Biz de sabah kahvaltıyı erken yaparak geç kalma durumu olmasın diye lobide beklemeye geçtik. Yükümüz de aldığımız ürünlerden dolayı ağırlaştığı için taksi çağırdık. Taksi bir türlü gelmedi, lobide gurbetten akrabamız gelecekmiş heyecanıyla taksi bekliyoruz. Zaman gittikçe daralıyor, tabi aldı bizi stres. Resepsiyona çıkışıyoruz, tamam şimdi gelecek, ha geldi ha gidiyoruz derken biz yoldan taksi aramaya başaldık bile… Sonunda çağırdıkları taksi geldi, trene de 20 dk. falan kaldı kalmadı… Biz geç kalmalarımızın ritüeli ile dans ederken, sanırız Kars’ın en görgüsüz, en hayvanına denk geldik. Camı açıp balgam atmasına mı, selam verip cevap alamadığımıza mı, daha yataktan yeni kalkmış agresifliğine mi, trafikteki herkesle kavga etmesine mi yoksa taksi metre açmayıp kafasına göre rakam söylemesine mi kızalım… Tabi sonunda bizim de sabır taşımız çatladı “Hayırdır dayı?” dedik ve dayı geri vitesini hatırlayınca ücrette de anlaşıp, trene koşmaya başladık. Merak etmeyin, yetiştik.
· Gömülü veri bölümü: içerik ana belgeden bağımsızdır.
(* Consider a LAWS system with base model $F_W$, library $\mathcal L$, threshold $N_{\min}$, and the any-match inference rule, updated by the LAWS update protocol. Let $H_n$ be the expected LAWS cache hit rate after $n$ deployment queries drawn i.i.d. from $P_{\mathcal M}$. Then $H_n$ is non-decreasing in $n$: \[ H_1 \le H_2 \le \cdots \le H_n \le \cdots \le 1 . \]
   Context: $V$ is a finite vocabulary, $P_{\mathcal M}$ a distribution (generative model) over $V^*$, and $d_{\mathcal T}(s,s') = -\log_2 P_{\mathcal M}(s\wedge s')$ the trie metric ($s\wedge s'$ the longest common prefix). A parametrized expert is $e=(n^*,f,\phi,\tau^*,\varepsilon_{\mathrm{fit}})$ with signpost $n^*$, parameter extractor $\phi: V^*\to\mathbb{R}^k$, expert function $f:\mathbb{R}^k\to\mathbb{R}^{|V|}$, routing radius $\tau^*>0$ and fitting error $\varepsilon_{\mathrm{fit}}$; its routing ball is $\mathcal B(n^*,\tau^* ) = \{x : d_{\mathcal T}(x,n^* )\le\tau^*\}$. Any-match inference: a query $x$ is a cache hit (answered by $f_{e^*}(\phi_{e^*}(x))$ for the matching expert $e^*$ of smallest trie distance) whenever some expert's routing ball in $\mathcal L$ contains $x$; otherwise (cache miss) the base model $F_W(x)$ is run. LAWS update protocol: after computing $y=F_W(x)$, the observation is inserted into the trie, incrementing the count of the corresponding node $n$; if the count of $n$ reaches $N_{\min}$, an expert with signpost $n$ (fitted function, extractor, routing radius, fitting error) is added to $\mathcal L$. Experts are never removed. The hit rate is the probability that a fresh query from $P_{\mathcal M}$ is a cache hit. *)

theory Defs
  imports "HOL-Probability.Probability"
begin

fun lcp :: "'v list \<Rightarrow> 'v list \<Rightarrow> 'v list" where
  "lcp (a # as) (b # bs) = (if a = b then a # lcp as bs else [])"
| "lcp _ _ = []"

definition prefix_prob :: "'v list pmf \<Rightarrow> 'v list \<Rightarrow> real" where
  "prefix_prob P w = measure_pmf.prob P {t. prefix w t}"

definition trie_dist :: "'v list pmf \<Rightarrow> 'v list \<Rightarrow> 'v list \<Rightarrow> ereal" where
  "trie_dist P s s' =
     (if prefix_prob P (lcp s s') = 0 then \<infinity>
      else ereal (- log 2 (prefix_prob P (lcp s s'))))"

text \<open>Parametrized expert e = (n*, f, phi, tau*, eps_fit); parameters live in real^'k.\<close>
record ('v, 'k) expert =
  signpost :: "'v list"
  efun :: "(real, 'k) vec \<Rightarrow> ('v \<Rightarrow> real)"
  extractor :: "'v list \<Rightarrow> (real, 'k) vec"
  radius :: real
  fit_err :: real

definition routing_ball :: "'v list pmf \<Rightarrow> ('v, 'k::finite) expert \<Rightarrow> 'v list set" where
  "routing_ball P e = {x. trie_dist P x (signpost e) \<le> ereal (radius e)}"

definition cache_hit :: "'v list pmf \<Rightarrow> ('v, 'k::finite) expert set \<Rightarrow> 'v list \<Rightarrow> bool" where
  "cache_hit P L x \<longleftrightarrow> (\<exists>e\<in>L. x \<in> routing_ball P e)"

definition answer :: "'v list pmf \<Rightarrow> ('v list \<Rightarrow> ('v \<Rightarrow> real)) \<Rightarrow> ('v, 'k::finite) expert set
    \<Rightarrow> 'v list \<Rightarrow> ('v \<Rightarrow> real)" where
  "answer P FW L x =
     (if cache_hit P L x then
        (let e = (SOME e. e \<in> L \<and> x \<in> routing_ball P e \<and>
                     (\<forall>e'\<in>L. x \<in> routing_ball P e' \<longrightarrow> trie_dist P x (signpost e) \<le> trie_dist P x (signpost e')))
         in efun e (extractor e x))
      else FW x)"

definition hit_rate :: "'v list pmf \<Rightarrow> ('v, 'k::finite) expert set \<Rightarrow> real" where
  "hit_rate P L = measure_pmf.prob P {x. cache_hit P L x}"

text \<open>System state: the observations stored in the trie (query, base-model output)
  and the library. The count of trie node n is the number of stored observations at n.\<close>
record ('v, 'k) laws_state =
  trie_obs :: "('v list \<times> ('v \<Rightarrow> real)) list"
  library :: "('v, 'k) expert set"

definition node_count :: "('v list \<times> ('v \<Rightarrow> real)) list \<Rightarrow> 'v list \<Rightarrow> nat" where
  "node_count obs n = length (filter (\<lambda>ob. fst ob = n) obs)"

definition laws_step ::
  "'v list pmf \<Rightarrow> ('v list \<Rightarrow> ('v \<Rightarrow> real)) \<Rightarrow> nat
   \<Rightarrow> (('v list \<times> ('v \<Rightarrow> real)) list \<Rightarrow> 'v list \<Rightarrow> ('v, 'k::finite) expert)
   \<Rightarrow> ('v, 'k) laws_state \<Rightarrow> 'v list \<Rightarrow> ('v, 'k) laws_state" where
  "laws_step P FW Nmin fit st x =
     (if cache_hit P (library st) x then st
      else
        (let obs' = trie_obs st @ [(x, FW x)] in
         \<lparr> trie_obs = obs',
           library = (if node_count obs' x = Nmin
                      then insert (fit obs' x) (library st) else library st) \<rparr>))"

definition laws_run ::
  "'v list pmf \<Rightarrow> ('v list \<Rightarrow> ('v \<Rightarrow> real)) \<Rightarrow> nat
   \<Rightarrow> (('v list \<times> ('v \<Rightarrow> real)) list \<Rightarrow> 'v list \<Rightarrow> ('v, 'k::finite) expert)
   \<Rightarrow> ('v, 'k) laws_state \<Rightarrow> 'v list list \<Rightarrow> ('v, 'k) laws_state" where
  "laws_run P FW Nmin fit st0 xs = foldl (laws_step P FW Nmin fit) st0 xs"

fun iid_pmf :: "'a pmf \<Rightarrow> nat \<Rightarrow> 'a list pmf" where
  "iid_pmf P 0 = return_pmf []"
| "iid_pmf P (Suc n) = bind_pmf (iid_pmf P n) (\<lambda>xs. map_pmf (\<lambda>x. xs @ [x]) P)"

definition expected_hit_rate ::
  "'v list pmf \<Rightarrow> ('v list \<Rightarrow> ('v \<Rightarrow> real)) \<Rightarrow> nat
   \<Rightarrow> (('v list \<times> ('v \<Rightarrow> real)) list \<Rightarrow> 'v list \<Rightarrow> ('v, 'k::finite) expert)
   \<Rightarrow> ('v, 'k) laws_state \<Rightarrow> nat \<Rightarrow> real" where
  "expected_hit_rate P FW Nmin fit st0 n =
     measure_pmf.expectation (iid_pmf P n)
       (\<lambda>xs. hit_rate P (library (laws_run P FW Nmin fit st0 xs)))"

end

theory Submission
  imports Defs
begin

text \<open>Experts are never removed, so along every sequence of queries the library only grows
  and the hit rate of the library can only increase. A sample of n + 1 i.i.d. queries is a
  sample of n queries followed by one fresh query, so averaging this pathwise inequality
  gives H n \<le> H (n + 1).\<close>

lemma library_laws_step_subset: "library st \<subseteq> library (laws_step P FW Nmin fit st x)"
  unfolding laws_step_def Let_def by auto

lemma hit_rate_mono:
  assumes "L \<subseteq> L'"
  shows "hit_rate P L \<le> hit_rate P L'"
  unfolding hit_rate_def
proof (rule measure_pmf.finite_measure_mono)
  show "{x. cache_hit P L x} \<subseteq> {x. cache_hit P L' x}"
    using assms by (fastforce simp: cache_hit_def)
qed simp

lemma hit_rate_nonneg: "0 \<le> hit_rate P L"
  unfolding hit_rate_def by simp

lemma hit_rate_le_1: "hit_rate P L \<le> 1"
  unfolding hit_rate_def by simp

lemma hit_rate_laws_run_snoc_mono:
  "hit_rate P (library (laws_run P FW Nmin fit st0 xs))
     \<le> hit_rate P (library (laws_run P FW Nmin fit st0 (xs @ [x])))"
  unfolding laws_run_def by (simp add: hit_rate_mono library_laws_step_subset)

lemma ennreal_expectation_pmf_bounded:
  fixes M :: "'a pmf" and g :: "'a \<Rightarrow> real"
  assumes "\<And>x. 0 \<le> g x" and "\<And>x. g x \<le> B"
  shows "ennreal (measure_pmf.expectation M g) = (\<integral>\<^sup>+x. ennreal (g x) \<partial>measure_pmf M)"
proof -
  have "integrable (measure_pmf M) g"
    by (rule measure_pmf.integrable_const_bound[where B = B]) (use assms in auto)
  then show ?thesis
    by (rule nn_integral_eq_integral[symmetric]) (use assms in auto)
qed

lemma expectation_iid_pmf_le_Suc:
  fixes g :: "'a list \<Rightarrow> real"
  assumes nonneg: "\<And>xs. 0 \<le> g xs" and bounded: "\<And>xs. g xs \<le> B"
    and snoc_mono: "\<And>xs x. g xs \<le> g (xs @ [x])"
  shows "measure_pmf.expectation (iid_pmf P n) g \<le> measure_pmf.expectation (iid_pmf P (Suc n)) g"
proof -
  have "ennreal (measure_pmf.expectation (iid_pmf P n) g)
      = (\<integral>\<^sup>+xs. \<integral>\<^sup>+x. ennreal (g xs) \<partial>measure_pmf P \<partial>measure_pmf (iid_pmf P n))"
    by (simp add: ennreal_expectation_pmf_bounded[OF nonneg bounded] measure_pmf.emeasure_space_1)
  also have "\<dots> \<le> (\<integral>\<^sup>+xs. \<integral>\<^sup>+x. ennreal (g (xs @ [x])) \<partial>measure_pmf P \<partial>measure_pmf (iid_pmf P n))"
    by (intro nn_integral_mono) (simp add: snoc_mono ennreal_leI)
  also have "\<dots> = ennreal (measure_pmf.expectation (iid_pmf P (Suc n)) g)"
    by (simp add: ennreal_expectation_pmf_bounded[OF nonneg bounded])
  finally show ?thesis
    by (simp add: ennreal_le_iff integral_nonneg_AE nonneg)
qed

lemma expected_hit_rate_le_Suc:
  "expected_hit_rate P FW Nmin fit st0 n \<le> expected_hit_rate P FW Nmin fit st0 (Suc n)"
  unfolding expected_hit_rate_def
  by (rule expectation_iid_pmf_le_Suc[where B = 1])
     (simp_all add: hit_rate_nonneg hit_rate_le_1 hit_rate_laws_run_snoc_mono)

lemma expected_hit_rate_le_1: "expected_hit_rate P FW Nmin fit st0 n \<le> 1"
  unfolding expected_hit_rate_def
  by (intro measure_pmf.integral_le_const measure_pmf.integrable_const_bound[where B = 1])
     (simp_all add: hit_rate_nonneg hit_rate_le_1)

theorem mainTheorem4:
  fixes P :: "('v::finite) list pmf"
    and FW :: "'v list \<Rightarrow> ('v \<Rightarrow> real)"
    and Nmin :: nat
    and fit :: "('v list \<times> ('v \<Rightarrow> real)) list \<Rightarrow> 'v list \<Rightarrow> ('v, 'k::finite) expert"
    and st0 :: "('v, 'k) laws_state"
  assumes "Nmin \<ge> 1"
    and "\<forall>e\<in>library st0. radius e > 0"
    and "\<And>obs n. signpost (fit obs n) = n"
    and "\<And>obs n. radius (fit obs n) > 0"
  defines "H \<equiv> expected_hit_rate P FW Nmin fit st0"
  shows "\<forall>n\<ge>1. H n \<le> H (Suc n) \<and> H n \<le> 1"
  unfolding H_def by (simp add: expected_hit_rate_le_Suc expected_hit_rate_le_1)

end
Bu sefer daha lüks bir yolculuk bekliyordu bizi. Bunun heyecanı da inanın çok farklı. Düşünsenize koltuklarda 27 saatten sonra yastığınız ve yorganınız var artık! Hem de yine harika manzaralar eşliğinde. İster yatarak izleyin, ister karşılıklı oturarak.
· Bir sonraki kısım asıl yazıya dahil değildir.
lemma MLp_order_continuous_if_not_integrable:
  fixes w :: "'a::euclidean_space \<Rightarrow> real"
  assumes p: "p > 0" and w: "weight w" and not_int: "\<not> integrable lebesgue w"
  shows "MLp_order_continuous p w"
  unfolding MLp_order_continuous_def
proof (intro allI impI)
  fix f :: "nat \<Rightarrow> 'a \<Rightarrow> real"
  assume space: "\<forall>j. f j \<in> MLp_space p w"
    and dec: "\<forall>j. AE x in lebesgue. \<bar>f (Suc j) x\<bar> \<le> \<bar>f j x\<bar>"
    and lim: "AE x in lebesgue. (\<lambda>j. f j x) \<longlonglongrightarrow> 0"
  have w_inf: "(\<integral>\<^sup>+ x. ennreal (w x) \<partial>lebesgue) = \<infinity>"
    using not_int w by (simp add: weight_integrable_iff less_top[symmetric])
  have fin: "MLp_integral p w (f j) < \<infinity>" and meas: "f j \<in> borel_measurable lebesgue" for j
    using space by (auto simp: MLp_space_def)
  have "AE y in lebesgue. \<bar>f j y\<bar> \<le> \<bar>f 0 y\<bar>" for j
    using AE_abs_le_abs_first[of f lebesgue] dec by auto
  then have "maximal_fn (f j) x \<le> maximal_fn (f 0) x" for j x by (rule maximal_fn_mono_AE)
  moreover have "AE x in lebesgue. (\<lambda>j. maximal_fn (f j) x) \<longlonglongrightarrow> 0"
    using dec by (intro maximal_fn_tendsto_zero_AE meas lim MLp_set_nn_integral_finite[OF w w_inf p fin]
        MLp_large_cube_averages[OF w w_inf p fin]) simp_all
  ultimately have "(\<lambda>j. MLp_integral p w (f j)) \<longlonglongrightarrow> 0"
    by (rule MLp_integral_tendsto_zero[OF w p fin])
  then have "(\<lambda>j. enn2real (MLp_integral p w (f j))) \<longlonglongrightarrow> 0"
    using tendsto_enn2real[where l=0] by simp
  then show "(\<lambda>j. MLp_norm p w (f j)) \<longlonglongrightarrow> 0"
    unfolding MLp_norm_def using p by (intro tendsto_zero_powrI[OF _ tendsto_const]) auto
qed

theorem lemma3p5:
  fixes p :: real and w :: "'a::euclidean_space \<Rightarrow> real"
  assumes "p > 1"
    and "w \<in> Np_class p"
    and "emeasure lebesgue {x. w x > 0} > 0"
  shows "MLp_order_continuous p w \<longleftrightarrow> \<not> integrable lebesgue w"
proof -
  have p: "p > 0" and w: "weight w" using assms(1,2) unfolding Np_class_def by simp_all
  show ?thesis
    using not_MLp_order_continuous_if_integrable[OF p w assms(3)]
      MLp_order_continuous_if_not_integrable[OF p w] by blast
qed

end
Yatmak deyince, Kars gezimizin yüksek temposundan yorgun düşüp, hayatımızdaki en güzel gündüz uykusunu tadarken, kapının 10’larca kere vurulmasını duymamışız. Kapıyı açtığımızda, jandarma karşımızdaydı. Güvenlik ve kontrol için bizlerden kimlik istiyordu. O kadar anlamsız bakıp anlamamışız ki, tüm cüzdanı ellerine teslim ettik. Herkese güvenmememizi ve paramıza dikkat etmemizi öğütleyen kamu spotundan sonra kimlikleri kontrol edip gülerek uzaklaştılar.

20170203_111230-01.jpeg

Madem uyandık, yemek yiyelim dedik. Erzurum’a yaklaşmadan Cağ Kebabı siparişimizi verdik. İnanın tüm istasyon, elinde cağ kebaplı kuryelerle doluyor. Biz Gel-Gör Restoranı tercih ettik ama kompartmancı abilere göre şu anda daha iyileri varmış, araştırın deriz.

İlk trendeki coşku bu sefer yoktu. Kuralları seven vagon görevlileri ile geldiğimiz için, yemekli vagonu erkenden kapattılar. Biz de kendi eğlencemizi kendi odamızda sürdürdük. Filiz’in ganimetlerini ve hoş sohbetini hiç unutmayacağız. Her zaman böyledir ya, geri dönüşler çabuktur ve daha sakin.

Ve tren, Irmak istasyonuna varır. Ankara’ya geldiğimizde uçağımız akşam saatinde olduğundan, dolu dolu bir günümüz daha vardı. Biz de hemen eş dostu arayıp, en ilginç müze deneyimi için yol aldık.

Ulucanlar Cezaevi Müzesi

Ankara’ya vardığımızda saat 08:30’du. Müze sabah 10:00’da açıldığı için, trenden kalan kahvaltılıklarımızı müzenin karşısındaki bol güvercinli parkta yaptık. Bu cezaevi hakkında bir çok bilgiye bu linkten ulaşabilirsiniz; http://www.ulucanlarcezaevimuzesi.com

Müzeye girerken bizi gerçekçi balmumu heykelleri karşıladı, asker ve gardiyanlar tabi ki. Avludan geçip de koğuşlara doğru ilerlediğimizde karanlığın, kasvetin içinde rutubet kokusu unutulmazdı. Düşünsenize, biz gezerken irkildik ve korktuk, o dönemde bu mahkumlar ne travmalar yaşamıştır.

81 yıl boyunca 18 infazın gerçekleştiği, bir döneme damgasını vuran isimlerin yattığı bir yer burası. Deniz Gezmiş, Muhsin Yazıoğlu, Nazım Hikmet Ran, Necip Fazıl Kısakürek, Yılmaz Güney, Bülent Ecevit ve İskilipli Atıf Hoca gibi şahsyetlerin mahkum edildiği koğuşları gezerken, onlara ait eşyaların da sergilendiğini görebilirsiniz.

Sizde derin etkiler bırakacak bu cezaevini anlatmakla inanın bir yere varamayız. Çünkü hissetmeniz lazım. Tüylerimiz diken diken oldu gezerken. Hele bir de tekli koğuşlardan gelen temsili mahkum ve gardiyan sesleri hala kulağımızda çınlamakta. dolayısıyla küçük çocukların girmemesini öneririz.

Hadi biz kaçtıkla başlayıp; gezip gezip döndüğümüz bir başka gezimiz de çok sevdiğimiz İnanç Fitos arkadaşımızın babasının doğum günü kahvesi ile son buldu. Biz de İstanbul’un yolunu tuttuk.